Student groups have organised an anti-Garda brutality march following last week’s scenes of state violence against students protesting at planned fee increases in the 26 Counties.

Free Education for Everybody (FEE) and Students in Solidarity are to hold the rally on Wednesday next, November 10).

People are asked to assemble at the Wolfe Tone Monument for 6pm before marching to Pearse Street Garda barracks. Speaking in advance of the protest, Cathaoirleach eirigi Brian Leeson encouraged people to join the protest:

“The Garda attack on the students last Wednesday demonstrated once again the true nature of this state. The political establishment and the Garda are quite happy to allow people to march around Dublin city until their feet ache.

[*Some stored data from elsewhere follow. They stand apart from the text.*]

(* Let $H$ be a complex infinite-dimensional separable Hilbert space and let $(f_n)_{n=1}^\infty$ be a frame for $H$ with optimal upper frame bound $B$ and analysis operator $U$, such that its excess $e((f_n)_{n=1}^\infty)$ is finite and $\dim\operatorname{Im}(B\cdot I-U^*U)<\infty$. Then $\sum_{n=1}^\infty(B-\|f_n\|^2)<\infty$.
   Context: The analysis operator is $U:H\to\ell^2$, $Ux=(\langle x,f_n\rangle)_n$. The optimal upper frame bound is the infimum of all $B$ with $\sum_n|\langle x,f_n\rangle|^2\le B\|x\|^2$ for all $x$. The excess of a frame is the maximal number of elements that can be deleted so that the remaining sequence is still a frame for $H$. *)

theory Defs
  imports "HOL-Analysis.Analysis" "HOL-Library.Extended_Nat"
begin

class complex_vector = real_vector +
  fixes scaleC :: "complex \<Rightarrow> 'a \<Rightarrow> 'a"
  assumes scaleC_of_real: "scaleC (complex_of_real r) x = scaleR r x"
    and scaleC_add_right: "scaleC a (x + y) = scaleC a x + scaleC a y"
    and scaleC_add_left: "scaleC (a + b) x = scaleC a x + scaleC b x"
    and scaleC_scaleC: "scaleC a (scaleC b x) = scaleC (a * b) x"
    and scaleC_one: "scaleC 1 x = x"

class complex_inner = complex_vector + real_normed_vector +
  fixes cinner :: "'a \<Rightarrow> 'a \<Rightarrow> complex"
  assumes cinner_commute: "cinner x y = cnj (cinner y x)"
    and cinner_add_left: "cinner (x + y) z = cinner x z + cinner y z"
    and cinner_scaleC_left: "cinner (scaleC c x) y = c * cinner x y"
    and cinner_self_Im: "Im (cinner x x) = 0"
    and cinner_self_Re_nonneg: "0 \<le> Re (cinner x x)"
    and cinner_self_eq_zero: "cinner x x = 0 \<longleftrightarrow> x = 0"
    and norm_eq_sqrt_cinner: "norm x = sqrt (Re (cinner x x))"

definition cspan :: "'a::complex_vector set \<Rightarrow> 'a set" where
  "cspan S = {y. \<exists>F c. finite F \<and> F \<subseteq> S \<and> y = (\<Sum>x\<in>F. scaleC (c x) x)}"

definition finite_dim_c :: "'a::complex_vector set \<Rightarrow> bool" where
  "finite_dim_c V \<longleftrightarrow> (\<exists>F. finite F \<and> V \<subseteq> cspan F)"

definition frame_on :: "nat set \<Rightarrow> (nat \<Rightarrow> 'a::complex_inner) \<Rightarrow> bool" where
  "frame_on I f \<longleftrightarrow> (\<exists>A B. 0 < A \<and> (\<forall>x.
      (\<lambda>n. (cmod (cinner x (f n)))\<^sup>2) summable_on I \<and>
      A * (norm x)\<^sup>2 \<le> (\<Sum>\<^sub>\<infinity>n\<in>I. (cmod (cinner x (f n)))\<^sup>2) \<and>
      (\<Sum>\<^sub>\<infinity>n\<in>I. (cmod (cinner x (f n)))\<^sup>2) \<le> B * (norm x)\<^sup>2))"

definition frame :: "(nat \<Rightarrow> 'a::complex_inner) \<Rightarrow> bool" where
  "frame f \<longleftrightarrow> frame_on UNIV f"

definition opt_upper_bound :: "(nat \<Rightarrow> 'a::complex_inner) \<Rightarrow> real" where
  "opt_upper_bound f = Inf {B. \<forall>x. (\<Sum>\<^sub>\<infinity>n. (cmod (cinner x (f n)))\<^sup>2) \<le> B * (norm x)\<^sup>2}"

text \<open>Frame operator U*U x = sum_n <x,f_n> f_n.\<close>
definition frame_op :: "(nat \<Rightarrow> 'a::complex_inner) \<Rightarrow> 'a \<Rightarrow> 'a" where
  "frame_op f x = (\<Sum>n. scaleC (cinner x (f n)) (f n))"

definition ecard :: "'b set \<Rightarrow> enat" where
  "ecard S = (if finite S then enat (card S) else \<infinity>)"

definition excess :: "(nat \<Rightarrow> 'a::complex_inner) \<Rightarrow> enat" where
  "excess f = Sup {ecard S | S. frame_on (- S) f}"

end

theory Submission
  imports Defs
begin

text \<open>Let T: \<ell>^2 \<rightarrow> H, c \<mapsto> \<Sum> c_n f_n, be the synthesis operator, so that U = T^* and
  the frame operator is S = T T^*. The vectors d_n = e_n - U f_n / B of \<ell>^2 have
  diagonal entries 1 - \<parallel>f_n\<parallel>^2 / B \<ge> 0, and T d_n = (B f_n - S f_n) / B lies in the
  finite-dimensional range of B - S. So on the span W of the first N vectors d_n the kernel of T
  has codimension at most dim Im(B - S). A kernel of dimension m provides m coordinates K and kernel
  vectors equal to e_k on K; they express each f_k, k \<in> K, through the f_n outside K, so
  deleting K leaves a frame and m is at most the excess. Hence dim W \<le> e + dim Im(B - S) for all
  N, while the sum of 1 - \<parallel>f_n\<parallel>^2 / B over n < N is at most 2 dim W by expanding the d_n in an
  orthonormal basis of W.\<close>

section \<open>Complex inner product spaces\<close>

global_interpretation cvs: vector_space "scaleC :: complex \<Rightarrow> 'a \<Rightarrow> 'a::complex_vector"
  by unfold_locales (auto simp: scaleC_add_right scaleC_add_left scaleC_scaleC scaleC_one)

lemma cspan_eq_span: "cspan S = cvs.span S"
  unfolding cspan_def cvs.span_explicit by blast

lemma cvs_span_insert_eq:
  assumes "a \<in> cvs.span (insert b U)" "b \<in> cvs.span (insert a U)"
  shows "cvs.span (insert a U) = cvs.span (insert b U)"
proof -
  have "U \<subseteq> cvs.span (insert c U)" for c :: 'a
    using cvs.span_superset by blast
  then show ?thesis
    unfolding cvs.span_eq using assms by blast
qed

locale complex_inner_product =
  fixes ip :: "'a::complex_vector \<Rightarrow> 'a \<Rightarrow> complex"
  assumes ip_commute: "ip x y = cnj (ip y x)"
    and ip_add_left: "ip (x + y) z = ip x z + ip y z"
    and ip_scaleC_left: "ip (scaleC c x) y = c * ip x y"
    and ip_self_Re_nonneg: "0 \<le> Re (ip x x)"
    and ip_self_eq_zero: "ip x x = 0 \<longleftrightarrow> x = 0"
begin

lemma ip_add_right: "ip z (x + y) = ip z x + ip z y"
  by (metis ip_commute ip_add_left complex_cnj_add)

lemma ip_scaleC_right: "ip x (scaleC c y) = cnj c * ip x y"
  by (metis ip_commute ip_scaleC_left complex_cnj_mult)

lemma ip_zero_left [simp]: "ip 0 y = 0"
  by (metis add_cancel_right_right ip_add_left)

lemma ip_zero_right [simp]: "ip x 0 = 0"
  by (metis ip_commute ip_zero_left complex_cnj_zero)

lemma ip_minus_left: "ip (- x) y = - ip x y"
  by (metis add.right_inverse add_eq_0_iff ip_add_left ip_zero_left)

lemma ip_minus_right: "ip x (- y) = - ip x y"
  by (metis ip_commute ip_minus_left complex_cnj_minus)

lemma ip_diff_left: "ip (x - y) z = ip x z - ip y z"
  by (simp only: diff_conv_add_uminus ip_add_left ip_minus_left)

lemma ip_diff_right: "ip z (x - y) = ip z x - ip z y"
  by (simp only: diff_conv_add_uminus ip_add_right ip_minus_right)

lemma ip_sum_left: "ip (sum g A) y = (\<Sum>a\<in>A. ip (g a) y)"
  by (induct A rule: infinite_finite_induct) (auto simp: ip_add_left)

lemma ip_eq_0_commute: "ip x y = 0 \<longleftrightarrow> ip y x = 0"
  by (metis ip_commute complex_cnj_zero)

definition ip_norm :: "'a \<Rightarrow> real" where
  "ip_norm x = sqrt (Re (ip x x))"

lemma ip_norm_nonneg: "0 \<le> ip_norm x"
  using ip_self_Re_nonneg by (simp add: ip_norm_def)

lemma power2_ip_norm: "(ip_norm x)\<^sup>2 = Re (ip x x)"
  using ip_self_Re_nonneg by (simp add: ip_norm_def)

lemma ip_self_eq_power2_ip_norm: "ip x x = complex_of_real ((ip_norm x)\<^sup>2)"
  using ip_commute[of x x] by (simp add: power2_ip_norm complex_eq_iff)

lemma cauchy_schwarz: "cmod (ip x y) \<le> ip_norm x * ip_norm y"
proof (cases "y = 0")
  case True
  then show ?thesis by (simp add: ip_norm_def)
next
  case False
  define t where "t = ip x y / ip y y"
  have yy: "ip y y \<noteq> 0" and yy_real: "cnj (ip y y) = ip y y"
    using False ip_self_eq_zero ip_commute[of y y] by auto
  have "ip (x - scaleC t y) (x - scaleC t y) = ip x x - ip x y * cnj (ip x y) / ip y y"
    using yy ip_commute[of y x]
    by (simp add: ip_diff_left ip_diff_right ip_scaleC_left ip_scaleC_right t_def yy_real
        field_simps)
  \<comment> \<open>the squared distance from x to its projection on y\<close>
  then have "0 \<le> Re (ip x x - ip x y * cnj (ip x y) / ip y y)"
    by (metis ip_self_Re_nonneg)
  then have "0 \<le> (ip_norm x)\<^sup>2 - (cmod (ip x y))\<^sup>2 / (ip_norm y)\<^sup>2"
    by (simp only: ip_self_eq_power2_ip_norm complex_norm_square[symmetric]
        of_real_divide[symmetric] of_real_diff[symmetric] Re_complex_of_real)
  moreover have "(ip_norm y)\<^sup>2 > 0"
    using yy ip_self_eq_power2_ip_norm[of y] by (auto simp: less_le)
  ultimately have "(cmod (ip x y))\<^sup>2 \<le> (ip_norm x * ip_norm y)\<^sup>2"
    by (simp add: pos_divide_le_eq power_mult_distrib)
  then show ?thesis
    by (rule power2_le_imp_le[OF _ mult_nonneg_nonneg[OF ip_norm_nonneg ip_norm_nonneg]])
qed

definition orthonormal :: "'a set \<Rightarrow> bool" where
  "orthonormal U \<longleftrightarrow> (\<forall>u\<in>U. ip u u = 1) \<and> (\<forall>u\<in>U. \<forall>v\<in>U. u \<noteq> v \<longrightarrow> ip u v = 0)"

lemma ip_span_eq_0:
  assumes "\<And>s. s \<in> S \<Longrightarrow> ip s z = 0" and "x \<in> cvs.span S"
  shows "ip x z = 0"
  using assms(2)
proof (induct rule: cvs.span_induct_alt)
  case base
  then show ?case by simp
next
  case (step c x y)
  then show ?case using assms(1) by (simp add: ip_add_left ip_scaleC_left)
qed

lemma ip_orthonormal_sum_left:
  assumes "finite U" "orthonormal U" "v \<in> U"
  shows "ip (\<Sum>u\<in>U. scaleC (c u) u) v = c v"
proof -
  have "ip (\<Sum>u\<in>U. scaleC (c u) u) v = (\<Sum>u\<in>U. c u * ip u v)"
    by (simp add: ip_sum_left ip_scaleC_left)
  also have "\<dots> = (\<Sum>u\<in>{v}. c u * ip u v)"
    using assms by (intro sum.mono_neutral_right) (auto simp: orthonormal_def)
  also have "\<dots> = c v"
    using assms by (simp add: orthonormal_def)
  finally show ?thesis .
qed

lemma orthonormal_expansion:
  assumes "finite U" "orthonormal U" "x \<in> cvs.span U"
  shows "x = (\<Sum>u\<in>U. scaleC (ip x u) u)"
proof -
  define y where "y = x - (\<Sum>u\<in>U. scaleC (ip x u) u)"
  have "y \<in> cvs.span U"
    unfolding y_def
    by (intro cvs.span_diff[OF assms(3)] cvs.span_sum cvs.span_scale cvs.span_base)
  moreover have "ip u y = 0" if "u \<in> U" for u
    using that assms ip_eq_0_commute[of u y]
    by (simp add: y_def ip_diff_left ip_orthonormal_sum_left)
  ultimately have "ip y y = 0"
    using ip_span_eq_0 by blast
  then show ?thesis
    unfolding y_def ip_self_eq_zero by simp
qed

lemma ip_self_normalize:
  assumes "x \<noteq> 0"
  shows "ip (scaleC (of_real (1 / ip_norm x)) x) (scaleC (of_real (1 / ip_norm x)) x) = 1"
proof -
  have "ip_norm x \<noteq> 0"
    using assms ip_self_eq_zero ip_self_eq_power2_ip_norm by fastforce
  moreover have "ip (scaleC c x) (scaleC c x) = c * cnj c * ip x x" for c
    by (simp add: ip_scaleC_left ip_scaleC_right)
  ultimately show ?thesis
    by (simp add: ip_self_eq_power2_ip_norm[of x] power2_eq_square)
qed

“But should anyone dare to engage in a more direct form of protest such as a building occupation or a sit down protest, or should they refuse to do the bidding of the Garda the punishment is as rapid as it is brutal.

“The people of Erris in Mayo learned this lesson the hard way over the course of the last five years.”

A large volume of video and photographic evidence has emerged of the Garda attack on student protesters on Wednesday last (November 3).

The story that this footage tells sharply contradicts the version of events that have been peddled by the Garda press office and the main media outlets.

Viewers of Ireland’s main television news programme on Wednesday night could have been forgiven for believing that the ‘violence’ had consisted of a few minutes of relatively minor scuffles outside of the Department of Finance building.

However, video footage has appeared on the internet of Gardai in full riot gear beating defenceless and submissive protesters, of Gardai dragging protesters by the hair, and Gardai on horses charging into protesters.

That footage was censored by the 26-County state broadcaster, RTE, said Leeson.

“Nor did RTE see fit to broadcast to the people of Ireland the bloodied faces and split heads of the young people who felt the full force of the Garda batons.

“That the ‘violence’ came almost exclusively from the Gardai, that it lasted for well over an hour or that it spread from Merrion Row to Stephen’s Green and Grafton Street was all deemed not worthy of mention by the Montrose censors.

“And in the immediate aftermath of the Garda onslaught many other private media outlets followed RTE’s lead, choosing to focus on ridiculous fantasies about ‘militants’ and ‘extremists’ who supposedly ‘hijacked’ the students’ protest. Journalist after journalist repeated the ludicrous suggestion that up to two thousand intelligent young people had allowed themselves to be ‘hijacked’ by a number of named organisations including eirigi. Not one journalist or commentator thought to ask how precisely so many people, all of whom were in possession of their full faculties, could have been duped into taking part in a building occupation, a sit down protest and other forms of protest.

“It seems it is easier to believe in the republican bogey man than the prospect of educated, intelligent young people thinking for themselves. Easier to talk of ‘looney left hijackings’ than the possibility of young people robustly defending their right to be educated and their right to protest.”